There remain, of course, many improvements I would like to see to this module. Here's an assorted list in order of decreasing priority, for public reference and for my own memory...
- Additional neural network layer types: While the fully-connected layers and convolutional layers cover many types of neural networks for RF processing, a few more building blocks could be helpful as part of the library, specifically 1) 2D convolutional layers, 2) recurrent neural networks, and 3) softmax operation (while usually only needed on the output of a network during training, it's nevertheless a common structure often used in software).

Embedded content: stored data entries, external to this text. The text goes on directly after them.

lemma increment_minus_linear_bound:
  fixes h :: "real \<Rightarrow> 'b::real_normed_vector"
  assumes "0 \<le> t"
    and deriv: "\<And>u. 0 \<le> u \<Longrightarrow> u \<le> t \<Longrightarrow> (h has_vector_derivative h' u) (at u)"
    and bound: "\<And>u. 0 \<le> u \<Longrightarrow> u \<le> t \<Longrightarrow> norm (h' u - c) \<le> B"
  shows "norm (h t - h 0 - t *\<^sub>R c) \<le> t * B"
proof (cases "t = 0")
  case False
  then have "0 < t" using assms(1) by simp
  define g where "g u = h u - u *\<^sub>R c" for u
  have g': "(g has_vector_derivative (h' u - c)) (at u)" if "0 \<le> u" "u \<le> t" for u
    unfolding g_def using deriv[OF that] by (auto intro!: derivative_eq_intros)
  then have "continuous_on {0..t} g"
    by (intro continuous_at_imp_continuous_on ballI has_vector_derivative_continuous) auto
  moreover have "continuous_on {0..t} (\<lambda>u. u * B)"
    by (intro continuous_intros)
  moreover have "((\<lambda>u. u * B) has_vector_derivative B) (at u)" for u
    by (auto simp: has_vector_derivative_def intro!: derivative_eq_intros)
  ultimately have "norm (g t - g 0) \<le> t * B - 0 * B"
    using differentiable_bound_general[OF \<open>0 < t\<close>, of g "\<lambda>u. u * B" "\<lambda>u. h' u - c" "\<lambda>_. B"]
      g' bound
    by auto
  then show ?thesis by (simp add: g_def algebra_simps)
qed simp

definition second_difference :: "(real^'n \<Rightarrow> 'b::real_normed_vector) \<Rightarrow> real^'n \<Rightarrow> 'n \<Rightarrow> 'n \<Rightarrow> real \<Rightarrow> 'b"
  where "second_difference f x a b t =
    f (x + t *\<^sub>R axis a 1 + t *\<^sub>R axis b 1) - f (x + t *\<^sub>R axis a 1) - f (x + t *\<^sub>R axis b 1) + f x"

lemma second_difference_commute: "second_difference f x a b t = second_difference f x b a t"
  by (simp add: second_difference_def algebra_simps)

text \<open>The mean value bound is applied twice: along \<open>ea\<close> to \<open>pd b f\<close>, then along \<open>eb\<close> to
  \<open>v \<mapsto> f (x + t ea + v eb) - f (x + v eb)\<close>.\<close>

lemma second_difference_bound:
  fixes f :: "real^'n \<Rightarrow> 'b::real_normed_vector" and a b :: 'n
  defines "ea \<equiv> axis a 1 :: real^'n" and "eb \<equiv> axis b 1 :: real^'n"
  assumes "0 \<le> t"
    and rect: "\<And>u v. 0 \<le> u \<Longrightarrow> u \<le> t \<Longrightarrow> 0 \<le> v \<Longrightarrow> v \<le> t \<Longrightarrow>
      x + u *\<^sub>R ea + v *\<^sub>R eb \<in> W \<and> norm (pd a (pd b f) (x + u *\<^sub>R ea + v *\<^sub>R eb) - c) \<le> e"
    and f': "\<And>z. z \<in> W \<Longrightarrow> f differentiable at z"
    and f'': "\<And>z. z \<in> W \<Longrightarrow> pd b f differentiable at z"
  shows "norm (second_difference f x a b t - (t * t) *\<^sub>R c) \<le> t * (t * e)"
proof -
  have inner: "norm (pd b f (x + t *\<^sub>R ea + v *\<^sub>R eb) - pd b f (x + v *\<^sub>R eb) - t *\<^sub>R c) \<le> t * e"
    if v: "0 \<le> v" "v \<le> t" for v
  proof -
    have shift: "x + v *\<^sub>R eb + u *\<^sub>R ea = x + u *\<^sub>R ea + v *\<^sub>R eb" for u
      by (simp add: algebra_simps)
    have "norm (pd b f (x + v *\<^sub>R eb + t *\<^sub>R ea) - pd b f (x + v *\<^sub>R eb + 0 *\<^sub>R ea) - t *\<^sub>R c) \<le> t * e"
    proof (rule increment_minus_linear_bound[OF \<open>0 \<le> t\<close>])
      fix u assume u: "0 \<le> u" "u \<le> t"
      have "pd b f differentiable at (x + v *\<^sub>R eb + u *\<^sub>R ea)"
        using f'' rect[OF u v] by (simp add: shift)
      from has_vector_derivative_along_line[OF this]
      show "((\<lambda>s. pd b f (x + v *\<^sub>R eb + s *\<^sub>R ea)) has_vector_derivative
          pd a (pd b f) (x + v *\<^sub>R eb + u *\<^sub>R ea)) (at u)"
        by (simp add: pd_def[of a "pd b f"] ea_def)
      show "norm (pd a (pd b f) (x + v *\<^sub>R eb + u *\<^sub>R ea) - c) \<le> e"
        using rect[OF u v] by (simp add: shift)
    qed
    then show ?thesis by (simp add: shift)
  qed
  define k where "k v = f (x + t *\<^sub>R ea + v *\<^sub>R eb) - f (x + v *\<^sub>R eb)" for v
  have "norm (k t - k 0 - t *\<^sub>R (t *\<^sub>R c)) \<le> t * (t * e)"
  proof (rule increment_minus_linear_bound[OF \<open>0 \<le> t\<close> _ inner])
    fix v assume v: "0 \<le> v" "v \<le> t"
    have "x + t *\<^sub>R ea + v *\<^sub>R eb \<in> W" "x + v *\<^sub>R eb \<in> W"
      using rect[OF \<open>0 \<le> t\<close> order_refl v] rect[OF order_refl \<open>0 \<le> t\<close> v] by simp_all
    then show "(k has_vector_derivative
        pd b f (x + t *\<^sub>R ea + v *\<^sub>R eb) - pd b f (x + v *\<^sub>R eb)) (at v)"
      unfolding k_def[abs_def] pd_def eb_def
      by (intro has_vector_derivative_diff has_vector_derivative_along_line f')
  qed
  then show ?thesis
    by (simp add: k_def second_difference_def ea_def eb_def algebra_simps)
qed

lemma second_difference_approx:
  fixes f :: "real^'n \<Rightarrow> 'b::real_normed_vector"
  assumes "open W" "x \<in> W"
    and f': "\<And>z. z \<in> W \<Longrightarrow> f differentiable at z"
    and f'': "\<And>z. z \<in> W \<Longrightarrow> pd b f differentiable at z"
    and cont: "continuous_on W (pd a (pd b f))"
    and "e > 0"
  shows "\<exists>\<delta>>0. \<forall>t. 0 < t \<and> t < \<delta> \<longrightarrow>
    norm (second_difference f x a b t - (t * t) *\<^sub>R pd a (pd b f) x) \<le> t * (t * e)"
proof -
  obtain r1 where "r1 > 0" and r1: "\<And>z. z \<in> W \<Longrightarrow> dist z x < r1 \<Longrightarrow>
      dist (pd a (pd b f) z) (pd a (pd b f) x) < e"
    using cont \<open>x \<in> W\<close> \<open>e > 0\<close> unfolding continuous_on_iff by blast
  obtain r2 where "r2 > 0" and r2: "ball x r2 \<subseteq> W"
    using \<open>open W\<close> \<open>x \<in> W\<close> open_contains_ball by blast
  define r where "r = min r1 r2"
  have near: "z \<in> W \<and> norm (pd a (pd b f) z - pd a (pd b f) x) \<le> e" if "dist z x < r" for z
  proof
    show "z \<in> W" using that r2 by (auto simp: r_def dist_commute)
    then show "norm (pd a (pd b f) z - pd a (pd b f) x) \<le> e"
      using r1[of z] that by (auto simp: r_def dist_norm)
  qed
  show ?thesis
  proof (intro exI[of _ "r / 2"] conjI allI impI)
    show "0 < r / 2" using \<open>r1 > 0\<close> \<open>r2 > 0\<close> by (simp add: r_def)
    fix t assume t: "0 < t \<and> t < r / 2"
    have "dist (x + u *\<^sub>R axis a 1 + v *\<^sub>R axis b 1) x < r"
      if "0 \<le> u" "u \<le> t" "0 \<le> v" "v \<le> t" for u v
    proof -
      have "dist (x + u *\<^sub>R axis a 1 + v *\<^sub>R axis b 1) x
          = norm (u *\<^sub>R axis a (1::real) + v *\<^sub>R axis b 1)"
        by (simp add: dist_norm)
      also have "\<dots> \<le> norm (u *\<^sub>R axis a (1::real)) + norm (v *\<^sub>R axis b (1::real))"
        by (rule norm_triangle_ineq)
      also have "\<dots> = u + v"
        using that by simp
      finally show ?thesis using that t by simp
    qed
    with near show "norm (second_difference f x a b t - (t * t) *\<^sub>R pd a (pd b f) x) \<le> t * (t * e)"
      using t by (intro second_difference_bound f' f'') auto
  qed
qed

text \<open>Both mixed partials are the limit of \<open>second_difference f x a b t / t\<^sup>2\<close>, which is
  symmetric in \<open>a\<close> and \<open>b\<close>.\<close>

lemma pd_commute:
  fixes f :: "real^'n \<Rightarrow> 'b::real_normed_vector"
  assumes "open W" "x \<in> W"
    and f': "\<And>z. z \<in> W \<Longrightarrow> f differentiable at z"
    and "\<And>z. z \<in> W \<Longrightarrow> pd a f differentiable at z" "\<And>z. z \<in> W \<Longrightarrow> pd b f differentiable at z"
    and "continuous_on W (pd a (pd b f))" "continuous_on W (pd b (pd a f))"
  shows "pd a (pd b f) x = pd b (pd a f) x"
proof -
  let ?z = "pd a (pd b f) x - pd b (pd a f) x"
  have "norm ?z \<le> 0 + e" if "e > 0" for e
  proof -
    obtain \<delta>1 where "\<delta>1 > 0" and \<delta>1: "\<And>t. 0 < t \<Longrightarrow> t < \<delta>1 \<Longrightarrow>
        norm (second_difference f x a b t - (t * t) *\<^sub>R pd a (pd b f) x) \<le> t * (t * (e / 2))"
      using second_difference_approx[OF assms(1-3,5,6) half_gt_zero[OF \<open>e > 0\<close>]] by blast
    obtain \<delta>2 where "\<delta>2 > 0" and \<delta>2: "\<And>t. 0 < t \<Longrightarrow> t < \<delta>2 \<Longrightarrow>
        norm (second_difference f x a b t - (t * t) *\<^sub>R pd b (pd a f) x) \<le> t * (t * (e / 2))"
      using second_difference_approx[OF assms(1-4,7) half_gt_zero[OF \<open>e > 0\<close>]]
      unfolding second_difference_commute[of f x b a] by blast
    define t where "t = min \<delta>1 \<delta>2 / 2"
    have t: "0 < t" "t < \<delta>1" "t < \<delta>2"
      using \<open>\<delta>1 > 0\<close> \<open>\<delta>2 > 0\<close> by (auto simp: t_def)
    have "(t * t) *\<^sub>R ?z = (second_difference f x a b t - (t * t) *\<^sub>R pd b (pd a f) x)
        - (second_difference f x a b t - (t * t) *\<^sub>R pd a (pd b f) x)"
      by (simp add: algebra_simps)
    then have "norm ((t * t) *\<^sub>R ?z)
        \<le> norm (second_difference f x a b t - (t * t) *\<^sub>R pd b (pd a f) x)
          + norm (second_difference f x a b t - (t * t) *\<^sub>R pd a (pd b f) x)"
      by (metis norm_triangle_ineq4)
    also have "\<dots> \<le> t * (t * (e / 2)) + t * (t * (e / 2))"
      using \<delta>1[OF t(1,2)] \<delta>2[OF t(1,3)] by (rule add_mono[rotated])
    also have "\<dots> = (t * t) * e"
      by (simp add: field_simps)
    finally have "(t * t) * norm ?z \<le> (t * t) * e"
      using t by simp
    then show ?thesis using t by simp
  qed
  then have "norm ?z \<le> 0" by (rule field_le_epsilon)
  then show ?thesis by simp
qed

lemma smooth_on_pd_commute:
  assumes "smooth_on W f" "open W" "x \<in> W"
  shows "pd a (pd b f) x = pd b (pd a f) x"
  using assms
  by (intro pd_commute smooth_on_imp_differentiable smooth_on_imp_continuous_on smooth_on_pd)
    auto

section \<open>Covariant derivative and curvature\<close>

lemma covd_nth: "covd G \<sigma> x $ a = pd a \<sigma> x + G x $ a *v \<sigma> x"
  by (simp add: covd_def)

lemma extd_nth:
  "extd G \<phi> x $ a $ b = (1/2) *\<^sub>R ((pd a (\<lambda>y. \<phi> y $ b) x + G x $ a *v (\<phi> x $ b))
    - (pd b (\<lambda>y. \<phi> y $ a) x + G x $ b *v (\<phi> x $ a)))"
  by (simp add: extd_def)

lemma extd_nth_covd: "extd G \<phi> x $ a $ b = (1/2) *\<^sub>R
    (covd G (\<lambda>y. \<phi> y $ b) x $ a - covd G (\<lambda>y. \<phi> y $ a) x $ b)"
  by (simp add: extd_nth covd_nth)

lemma smooth_on_covd:
  assumes "open U" "smooth_on U G" "smooth_on U \<eta>"
  shows "smooth_on U (covd G \<eta>)"
  unfolding covd_def[abs_def] using assms
  by (intro smooth_on_vec_lambda smooth_on_add smooth_on_pd smooth_on_vec_nth
      smooth_on_bilinear[OF bounded_bilinear_matrix_vector_mult])

lemma covd_add:
  "f differentiable at x \<Longrightarrow> g differentiable at x \<Longrightarrow>
    covd G (\<lambda>y. f y + g y) x = covd G f x + covd G g x"
  by (simp add: vec_eq_iff covd_nth pd_add matrix_vector_right_distrib)

lemma covd_diff:
  "f differentiable at x \<Longrightarrow> g differentiable at x \<Longrightarrow>
    covd G (\<lambda>y. f y - g y) x = covd G f x - covd G g x"
  by (simp add: vec_eq_iff covd_nth pd_diff matrix_vector_mult_diff_distrib)

lemma extd_diff:
  assumes "open W" "x \<in> W" "smooth_on W \<phi>" "smooth_on W \<psi>"
  shows "extd G (\<lambda>y. \<phi> y - \<psi> y) x = extd G \<phi> x - extd G \<psi> x"
proof -
  have "(\<lambda>y. \<phi> y $ b) differentiable at x" "(\<lambda>y. \<psi> y $ b) differentiable at x" for b
    using assms smooth_on_imp_differentiable smooth_on_vec_nth by blast+
  moreover have "(\<lambda>y. (\<phi> y - \<psi> y) $ b) = (\<lambda>y. \<phi> y $ b - \<psi> y $ b)" for b
    by simp
  ultimately show ?thesis
    by (simp add: vec_eq_iff extd_nth pd_diff matrix_vector_mult_diff_distrib algebra_simps)
qed

lemma extd_cong_open:
  assumes "open W" "x \<in> W" "\<And>y. y \<in> W \<Longrightarrow> \<phi> y = \<psi> y"
  shows "extd G \<phi> x = extd G \<psi> x"
proof -
  have "pd c (\<lambda>y. \<phi> y $ b) x = pd c (\<lambda>y. \<psi> y $ b) x" for b c
    using assms by (intro pd_cong_open[OF assms(1,2)]) simp
  then show ?thesis by (simp add: extd_def assms(3)[OF assms(2)])
qed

- Work out 32-bit vs 16-bit datatypes: There's some gymnastics going on with the data type sizing on the FPGA, and I hit two odd stumbling blocks in this area... 1) As is obvious in the GRC flowgraphs, the RFNoC architecture is primarily designed for 32 bit sample streaming (16-bits I, 16-bits Q). It's less clear how exactly to handle sequential 16-bit chunks of data correctly. I found something that works in the flowgraph examples, but this appears to use a good deal more processing horsepower on the embedded device than should be needed. 2) HLS failed at generating outputs with 32-bit sizes when developing the ex_modrec example. This was a real struggle-- HLS said that everything passed, yet the noc_block_modrec_tv.sv simulation consistently failed to get valid data out of the HLS generated IP block when I used 32-bit outputs. Anyway, the data type issues need to be worked out.
- Test with live streaming data: The current repo demonstrates example RFNoC neural network blocks on hardware as file-read/write unit tests, but does not take the additional step of integrating with live RF data. Live integration at a high data rate would be an excellent demonstration application for the rfnoc-hls-neuralnet library.
- Programmable weights: Programmable neural network weights were originally on the development roadmap, but were eventually deemed too ambitious for the proof-of-concept architecture presented here. In order to maintain simplicity, weights are required to be fixed in the current implementation; however, programmable weights could become a higher priority improvement depending on demand. Notionally, a reprogrammable implementation would require the HLS library to include an empty memory bank of the correct size and expose a programming interface; software would then require a C++ driver to program weights upon initialization. While it's a plausible approach, it adds a significant amount complexity to the FPGA and software wrappers.
- Improve weight storage: The BRAM usage of Vivado HLS generated code tends to be higher than expected. This is due to HLS's BRAM packing algorithms and that HLS apparently uses BRAM18s while BRAM36s may also be available. It is likely that most neural networks synthesized for the RFNoC architecture will be memory-limited rather than computationally limited. A few options here: The BRAM could be moved to outside of the HLS code and into hand-coded HDL, which may be slightly more efficient, though more difficult to implement. As a different (related) option, a hardware platform might have FPGA access to onboard RAM, which could be used to store large amounts of neural network coefficients. Unfortunately, RFNoC does not currently provide an interface to on-chip RAM; this improvement would necessarily manifest as an application-specific task.
- Provide alternate neural network architectures: Researchers have shown that binarized neural networks can be very efficient on FPGAs while maintaining high performance levels. A binarized neural network could efficiently store weights and perform multiplications (which evaluate into basic binary operations for one bit values), but this manifests as a slightly different HLS structure than assumed here.